Warped dilithium crystals



This is available on a t-shirt from xkcd.com - the mouseover on the website says 'bonus points if you can identify the science'. Neal took one look, muttered something about blackbody radiation and is now explaining the maths and telling the tragic tale of Boltzmann's Constant, which helps explain why this curve isn't a straight line (his critique of classical physics was vindicated a couple of months after his death - the little k is his constant in this equation). It plots the energy carried by a photon of light by its frequency (though light's a particle too). A blackbody radiator radiates all the heat/light it absorbs.

I shall buy Neal the t-shirt in honour of his superior nerding.

4 comments:

Zoot Horn said...

That is impressive ultra-violet range nerding fo' sure! I wish I had my life again with a slightly different brain. When the class did maths the teacher let me do colouring.

neal said...

Err I got the definition of a Blackbody wrong, it has been 12 years since I've given this a second thought, but thanks to wikipedia:

A black body is an idealized object that absorbs all electromagnetic radiation that falls on it. No electromagnetic radiation passes through it and none is reflected. Because no light (visible electromagnetic radiation) is reflected or transmitted, the object appears black when it is cold. However, a black body emits a temperature-dependent spectrum of light. This thermal radiation from a black body is termed black-body radiation.

neal said...

This is actually a really important bit of science as it was the first step to understanding quantum mechanics, which is important to the world in general because, amongst other things, without quantum mechanics we wouldn't understand how semiconductors behaved, and without this microchips wouldn't have been developed and we'd still have computers the size of a tennis court to do what a pocket calculator can do.

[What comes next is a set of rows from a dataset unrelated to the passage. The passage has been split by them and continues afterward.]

(* Let $p$ be a polynomial of degree $m$ with $p(t)=dt^m+O(t^{m-1})$, let $q$ be a polynomial of degree $d\ge1$ with $q(t)=t^d+O(t^{d-1})$ as $t\to\infty$, let $c\in\mathbb{C}$ and $g(z)=\int_0^zp(t)e^{q(t)}dt+c$. Let $\lambda=(d-1-m)/d$. Let $R>0$ be such that all critical values of $q$ lie in $D(0,R)$ and $2^{-d}|z|^d\le|q(z)|\le2^d|z|^d$ for $|z|\ge\frac12R^{1/d}$, let $G=\mathbb{C}\setminus(\overline{D(0,R)}\cup[0,\infty))$, let $S$ be any component of $q^{-1}(G)$ and let $\varphi$ be the branch of $q^{-1}$ on $G$ with $\varphi(G)=S$. Then there exists $c_S\in\mathbb{C}$ such that $$g(\varphi(w))=c_S+\frac{p(\varphi(w))}{q'(\varphi(w))}\Big(1+\frac{\lambda}{w}+O\big(|w|^{-1-1/d}\big)\Big)e^{w}$$ as $w\to\infty$ in $G$.
   Context: $D(z_0,r)$ is the open disk. $q$ maps each component of $q^{-1}(G)$ conformally onto $G$, so $\varphi$ is well defined. *)

theory Defs
  imports "HOL-Complex_Analysis.Complex_Analysis" "HOL-Computational_Algebra.Polynomial"
begin

definition slitG :: "real \<Rightarrow> complex set" where
  "slitG R = - (cball 0 R \<union> {complex_of_real x | x. x \<ge> 0})"

end

(*
  Put F(z) = p(z)/q'(z) (1 + lam/q(z)) e^q(z) with lam = (d - 1 - m)/d. Then F' = e^q (p - D)
  for a rational function D, and lam is exactly the value for which the top coefficient of the
  numerator of D/q' cancels, so that D/q' = O(|q|^alpha) with alpha = (m - 2d)/d.

  Since q has no critical values in the slit domain G, it is a covering map over G; as G is
  simply connected, q maps each component S of its preimage bijectively onto G, so phi is
  holomorphic with phi' = 1/q'(phi). Hence K = g o phi - F o phi satisfies
  |K'(w)| <= C e^Re(w) |w|^alpha. Integrating K' along horizontal rays running to the left,
  where e^w decays, K converges along every such ray to one constant c_S, and
  |K(w) - c_S| = O(e^Re(w) |w|^alpha). As |p/q'(phi w)| is of order |w|^(alpha + 1 + 1/d),
  this is the claimed error term.
*)

theory Submission
  imports Defs "HOL-Computational_Algebra.Fundamental_Theorem_Algebra" "HOL-Real_Asymp.Real_Asymp"
begin
(* In the quantum switch model of the context (with $W=\infty$), suppose the entanglement swapping success probability is $q=1$ and $(\lambda_{ij}+\epsilon)_{i,j\in\mathcal K}\in\Lambda$ for some $\epsilon>0$. Then the quantum switch is stable under any on-demand protocol $\pi_{\mathrm{od}}$.
   Context: Quantum switch model. There are $K$ end nodes $\mathcal K=\{1,\dots,K\}$ and a switch (node $0$); time is slotted, $t=0,1,2,\dots$; pair-indexed quantities are symmetric in $(i,j)$. In slot $t$: (i) $C_{0i}(t)\in\{0,1\}$ EPR pairs are generated between the switch and node $i$, where $\{C_{0i}(t)\}_{t\ge0}$ are mutually independent Bernoulli processes (i.i.d. in $t$) with mean $p_i$. (ii) The switch chooses nonnegative integers $F_{ij}(t)=F_{ji}(t)$ (entanglement swaps for pair $(i,j)$, each consuming one stored switch–$i$ and one stored switch–$j$ pair) with $\sum_iF_{ij}(t)\le E_{0j}(t)$; no limit on swaps per slot ($W=\infty$); each swap succeeds independently with probability $q$; $R_{ij}(t)$ is the number of successes. (iii) $A_{ij}(t)\in\mathbb N$ new requests for pair $(i,j)$ arrive. Dynamics: $U_{ij}(t+1)=[U_{ij}(t)-E_{ij}(t)-R_{ij}(t)]^++A_{ij}(t)$, $E_{ij}(t+1)=[E_{ij}(t)+R_{ij}(t)-U_{ij}(t)]^+$, $E_{0i}(t+1)=E_{0i}(t)-\sum_jF_{ij}(t)+C_{0i}(t)$, with zero initial values; $U_{ij}$ = pending requests, $E_{ij}$ = stored $i$–$j$ pairs, $E_{0i}$ = stored switch–$i$ pairs; memory unlimited, no decoherence. Requests: $\{A_{ij}(t)\}_t$ mutually independent across pairs, each stationary ergodic with rate $\lambda_{ij}$ (so $\frac1t\sum_{\tau<t}A_{ij}(\tau)\to\lambda_{ij}$ a.s.), and $\mathbb E[A_{ij}(t)^2\mid H(t)=h]\le A_{\max}^2$ for every $t,i,j$ and realization $h$ of the history $H(t)=(E_{ij}(\tau),U_{ij}(\tau),A_{ij}(\tau),R_{ij}(\tau),C_{0i}(\tau))_{\tau=0}^{t-1}$. Stability: for all $i,j$, $\limsup_{t\to\infty}\frac1t\sum_{\tau=0}^{t-1}\mathbb P[U_{ij}(\tau)>V]\to0$ as $V\to\infty$. $\Lambda$ is the set of nonnegative matrices $(\lambda_{ij})$ for which there exist nonnegative $f_{ij}=f_{ji}$ with $\sum_if_{ij}\le p_j$ for all $j$ and $\lambda_{ij}\le qf_{ij}$ for all $i,j$. On-demand protocols: a protocol is on-demand if in every slot $t$ its choices $F_{ij}=F_{ij}(t)$ satisfy $\sum_{i\in\mathcal K}F_{ij}\le E_{0j}(t)$ for all $j$; $F_{ij}\le U_{ij}(t)$ for all $i,j$; $F_{ij}=F_{ji}\in\mathbb N$; and $\big(E_{0i}(t)-\sum_kF_{ik}\big)\big(E_{0j}(t)-\sum_kF_{kj}\big)\big(U_{ij}(t)-F_{ij}\big)=0$ for all $i,j$ (any choice satisfying these may be used). *)

theory Defs
  imports "HOL-Probability.Probability"
begin

definition nodes :: "nat \<Rightarrow> nat set" where
  "nodes K = {1..K}"

text \<open>Unordered pairs of distinct end nodes, represented by (i,j) with i < j.\<close>
definition node_pairs :: "nat \<Rightarrow> (nat \<times> nat) set" where
  "node_pairs K = {(i,j). i \<in> nodes K \<and> j \<in> nodes K \<and> i < j}"

text \<open>Inputs: arrivals a t i j, generations c t i, swaps f t i j.
  Since q = 1 every swap succeeds, so R_ij(t) = F_ij(t). Natural-number subtraction realises the positive part.\<close>
primrec qstate ::
  "nat \<Rightarrow> (nat \<Rightarrow> nat \<Rightarrow> nat \<Rightarrow> nat) \<Rightarrow> (nat \<Rightarrow> nat \<Rightarrow> nat) \<Rightarrow> (nat \<Rightarrow> nat \<Rightarrow> nat \<Rightarrow> nat)
   \<Rightarrow> nat \<Rightarrow> (nat \<Rightarrow> nat \<Rightarrow> nat) \<times> (nat \<Rightarrow> nat \<Rightarrow> nat) \<times> (nat \<Rightarrow> nat)" where
  "qstate K a c f 0 = ((\<lambda>i j. 0), (\<lambda>i j. 0), (\<lambda>i. 0))"
| "qstate K a c f (Suc t) =
     (case qstate K a c f t of (U, E, E0) \<Rightarrow>
       ((\<lambda>i j. (U i j - E i j - f t i j) + a t i j),
        (\<lambda>i j. (E i j + f t i j) - U i j),
        (\<lambda>i. E0 i - (\<Sum>j\<in>nodes K - {i}. f t i j) + c t i)))"

definition Uq where "Uq K a c f t = fst (qstate K a c f t)"
definition Eq where "Eq K a c f t = fst (snd (qstate K a c f t))"
definition E0q where "E0q K a c f t = snd (snd (qstate K a c f t))"

definition on_demand :: "nat \<Rightarrow> (nat \<Rightarrow> nat \<Rightarrow> nat) \<Rightarrow> (nat \<Rightarrow> nat) \<Rightarrow> (nat \<Rightarrow> nat \<Rightarrow> nat) \<Rightarrow> bool" where
  "on_demand K U E0 Fm \<longleftrightarrow>
     (\<forall>j\<in>nodes K. (\<Sum>i\<in>nodes K - {j}. Fm i j) \<le> E0 j) \<and>
     (\<forall>i\<in>nodes K. \<forall>j\<in>nodes K. i \<noteq> j \<longrightarrow>
        Fm i j \<le> U i j \<and> Fm i j = Fm j i \<and>
        (E0 i - (\<Sum>k\<in>nodes K - {i}. Fm i k)) * (E0 j - (\<Sum>k\<in>nodes K - {j}. Fm k j))
          * (U i j - Fm i j) = 0)"

definition capacity_region :: "nat \<Rightarrow> (nat \<Rightarrow> real) \<Rightarrow> real \<Rightarrow> (nat \<Rightarrow> nat \<Rightarrow> real) \<Rightarrow> bool" where
  "capacity_region K p q lam \<longleftrightarrow>
     (\<forall>i\<in>nodes K. \<forall>j\<in>nodes K. i \<noteq> j \<longrightarrow> lam i j \<ge> 0) \<and>
     (\<exists>f :: nat \<Rightarrow> nat \<Rightarrow> real.
        (\<forall>i j. f i j = f j i \<and> f i j \<ge> 0) \<and>
        (\<forall>j\<in>nodes K. (\<Sum>i\<in>nodes K - {j}. f i j) \<le> p j) \<and>
        (\<forall>i\<in>nodes K. \<forall>j\<in>nodes K. i \<noteq> j \<longrightarrow> lam i j \<le> q * f i j))"

definition seq_space :: "(nat \<Rightarrow> nat) measure" where
  "seq_space = Pi\<^sub>M UNIV (\<lambda>_. count_space UNIV)"

definition proc_law :: "'a measure \<Rightarrow> (nat \<Rightarrow> 'a \<Rightarrow> nat) \<Rightarrow> (nat \<Rightarrow> nat) measure" where
  "proc_law M X = distr M seq_space (\<lambda>\<omega> t. X t \<omega>)"

definition stationary_proc :: "'a measure \<Rightarrow> (nat \<Rightarrow> 'a \<Rightarrow> nat) \<Rightarrow> bool" where
  "stationary_proc M X \<longleftrightarrow> proc_law M (\<lambda>t. X (Suc t)) = proc_law M X"

definition ergodic_proc :: "'a measure \<Rightarrow> (nat \<Rightarrow> 'a \<Rightarrow> nat) \<Rightarrow> bool" where
  "ergodic_proc M X \<longleftrightarrow>
     (\<forall>S\<in>sets seq_space. (\<lambda>x t. x (Suc t)) -` S \<inter> space seq_space = S \<longrightarrow>
        emeasure (proc_law M X) S = 0 \<or> emeasure (proc_law M X) S = 1)"

text \<open>History sigma-algebra H(t): generated by arrivals and generations before slot t
  (E, U, R are functions of these, given the history-adapted protocol and q = 1).\<close>
definition hist_alg ::
  "'a measure \<Rightarrow> nat \<Rightarrow> (nat \<Rightarrow> nat \<Rightarrow> nat \<Rightarrow> 'a \<Rightarrow> nat) \<Rightarrow> (nat \<Rightarrow> nat \<Rightarrow> 'a \<Rightarrow> nat) \<Rightarrow> nat \<Rightarrow> 'a measure" where
  "hist_alg M K A C t = sigma (space M)
     ({A \<tau> i j -` B \<inter> space M | \<tau> i j B. \<tau> < t \<and> i \<in> nodes K \<and> j \<in> nodes K}
      \<union> {C \<tau> i -` B \<inter> space M | \<tau> i B. \<tau> < t \<and> i \<in> nodes K})"

definition all_procs ::
  "(nat \<Rightarrow> nat \<Rightarrow> nat \<Rightarrow> 'a \<Rightarrow> nat) \<Rightarrow> (nat \<Rightarrow> nat \<Rightarrow> 'a \<Rightarrow> nat) \<Rightarrow> (nat \<times> nat) + nat \<Rightarrow> 'a \<Rightarrow> nat \<Rightarrow> nat" where
  "all_procs A C x \<omega> t = (case x of Inl (i, j) \<Rightarrow> A t i j \<omega> | Inr i \<Rightarrow> C t i \<omega>)"

definition switch_stable :: "'a measure \<Rightarrow> nat \<Rightarrow> (nat \<Rightarrow> nat \<Rightarrow> nat \<Rightarrow> 'a \<Rightarrow> nat) \<Rightarrow> bool" where
  "switch_stable M K U \<longleftrightarrow>
     (\<forall>i\<in>nodes K. \<forall>j\<in>nodes K. i \<noteq> j \<longrightarrow>
        ((\<lambda>V::real. limsup (\<lambda>t::nat. ereal ((\<Sum>\<tau><t. measure M {\<omega>\<in>space M. real (U \<tau> i j \<omega>) > V}) / real t)))
          \<longlongrightarrow> 0) at_top)"

end

theory Submission
  imports Defs
begin

text \<open>Under an on-demand protocol no end-to-end pair is ever stored, the backlog U_ij equals
  the i-j requests minus the swaps so far, and the stock E_0i equals the generated switch-i
  pairs minus the swaps so far. So as long as the pairs generated at i and at j cover all
  requests involving the respective node, a request still pending after the swaps would leave
  both stocks positive, which the on-demand condition forbids; hence U_ij(t+1) = A_ij(t).
  By the capacity condition the request rate at every node is below its generation rate, so
  by the arrival rates and Chebyshev's inequality for the Bernoulli generations the covering
  fails with vanishing probability. Therefore P(U_ij(t+1) > V) \<le> A_max^2/V^2 + o(1), the
  Cesaro limsup of these probabilities is at most A_max^2/V^2, and this vanishes as V grows.\<close>

section \<open>Pathwise dynamics under an on-demand protocol\<close>

lemma qstate_simps:
  "Uq K a c f 0 = (\<lambda>i j. 0)" "Eq K a c f 0 = (\<lambda>i j. 0)" "E0q K a c f 0 = (\<lambda>i. 0)"
  "Uq K a c f (Suc t) = (\<lambda>i j. (Uq K a c f t i j - Eq K a c f t i j - f t i j) + a t i j)"
  "Eq K a c f (Suc t) = (\<lambda>i j. (Eq K a c f t i j + f t i j) - Uq K a c f t i j)"
  "E0q K a c f (Suc t) = (\<lambda>i. E0q K a c f t i - (\<Sum>j\<in>nodes K - {i}. f t i j) + c t i)"
  by (simp_all add: Uq_def Eq_def E0q_def split: prod.split)

lemma finite_nodes [simp]: "finite (nodes K)"
  by (simp add: nodes_def)

lemma on_demand_sum_le:
  assumes "on_demand K U E0 Fm" "i \<in> nodes K"
  shows "(\<Sum>k\<in>nodes K - {i}. Fm i k) \<le> E0 i"
proof -
  have "(\<Sum>k\<in>nodes K - {i}. Fm i k) = (\<Sum>k\<in>nodes K - {i}. Fm k i)"
    using assms unfolding on_demand_def by (intro sum.cong) auto
  also have "\<dots> \<le> E0 i"
    using assms unfolding on_demand_def by auto
  finally show ?thesis .
qed

lemma on_demand_Eq_zero_Uq_eq:
  assumes od: "\<And>t. on_demand K (Uq K a c f t) (E0q K a c f t) (f t)"
    and ik: "i \<in> nodes K" "k \<in> nodes K" "i \<noteq> k"
  shows "Eq K a c f t i k = 0 \<and> int (Uq K a c f t i k) = (\<Sum>\<tau><t. int (a \<tau> i k) - int (f \<tau> i k))"
proof (induction t)
  case 0
  show ?case by (simp add: qstate_simps)
next
  case (Suc t)
  have "f t i k \<le> Uq K a c f t i k"
    using od[of t] ik unfolding on_demand_def by auto
  with Suc show ?case by (simp add: qstate_simps of_nat_diff)
qed

lemma on_demand_E0q_eq:
  assumes od: "\<And>t. on_demand K (Uq K a c f t) (E0q K a c f t) (f t)"
    and i: "i \<in> nodes K"
  shows "int (E0q K a c f t i) = (\<Sum>\<tau><t. int (c \<tau> i) - (\<Sum>k\<in>nodes K - {i}. int (f \<tau> i k)))"
proof (induction t)
  case 0
  show ?case by (simp add: qstate_simps)
next
  case (Suc t)
  with on_demand_sum_le[OF od i, of t] show ?case
    by (simp add: qstate_simps of_nat_diff flip: of_nat_sum)
qed

definition demand_covered ::
    "nat \<Rightarrow> (nat \<Rightarrow> nat \<Rightarrow> nat \<Rightarrow> nat) \<Rightarrow> (nat \<Rightarrow> nat \<Rightarrow> nat) \<Rightarrow> nat \<Rightarrow> nat \<Rightarrow> bool"
  where "demand_covered K a c t i \<longleftrightarrow> (\<Sum>\<tau><t. \<Sum>k\<in>nodes K - {i}. a \<tau> i k) \<le> (\<Sum>\<tau><t. c \<tau> i)"

lemma demand_covered_iff_real:
  "demand_covered K a c t i \<longleftrightarrow>
     (\<Sum>\<tau><t. \<Sum>k\<in>nodes K - {i}. real (a \<tau> i k)) \<le> (\<Sum>\<tau><t. real (c \<tau> i))"
  unfolding demand_covered_def by (simp flip: of_nat_sum)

And it's all down to the genius of Ludvig Boltzman, who hanged himself because everyone thought his ideas were bollocks, so he came to the conclusion that his life's work had been a waste of time. Not long after one of his fiercest critics Max Planck, out of total desperation, applied Boltzmann's ideas to the problem of how the energy of the radiation emitted by a blackbody is related to it's frequency, and bingo, success. Light can be described as particles as well as waves, and the movement of the molecules of a gas is based on probability. Planck still refused to believe boltzmann was right and thought it was just a mathematical trick, and even Einstein couldn't reconcile himself with the concept, even thought he proved that it worked, famously saying “God doesn't play dice”.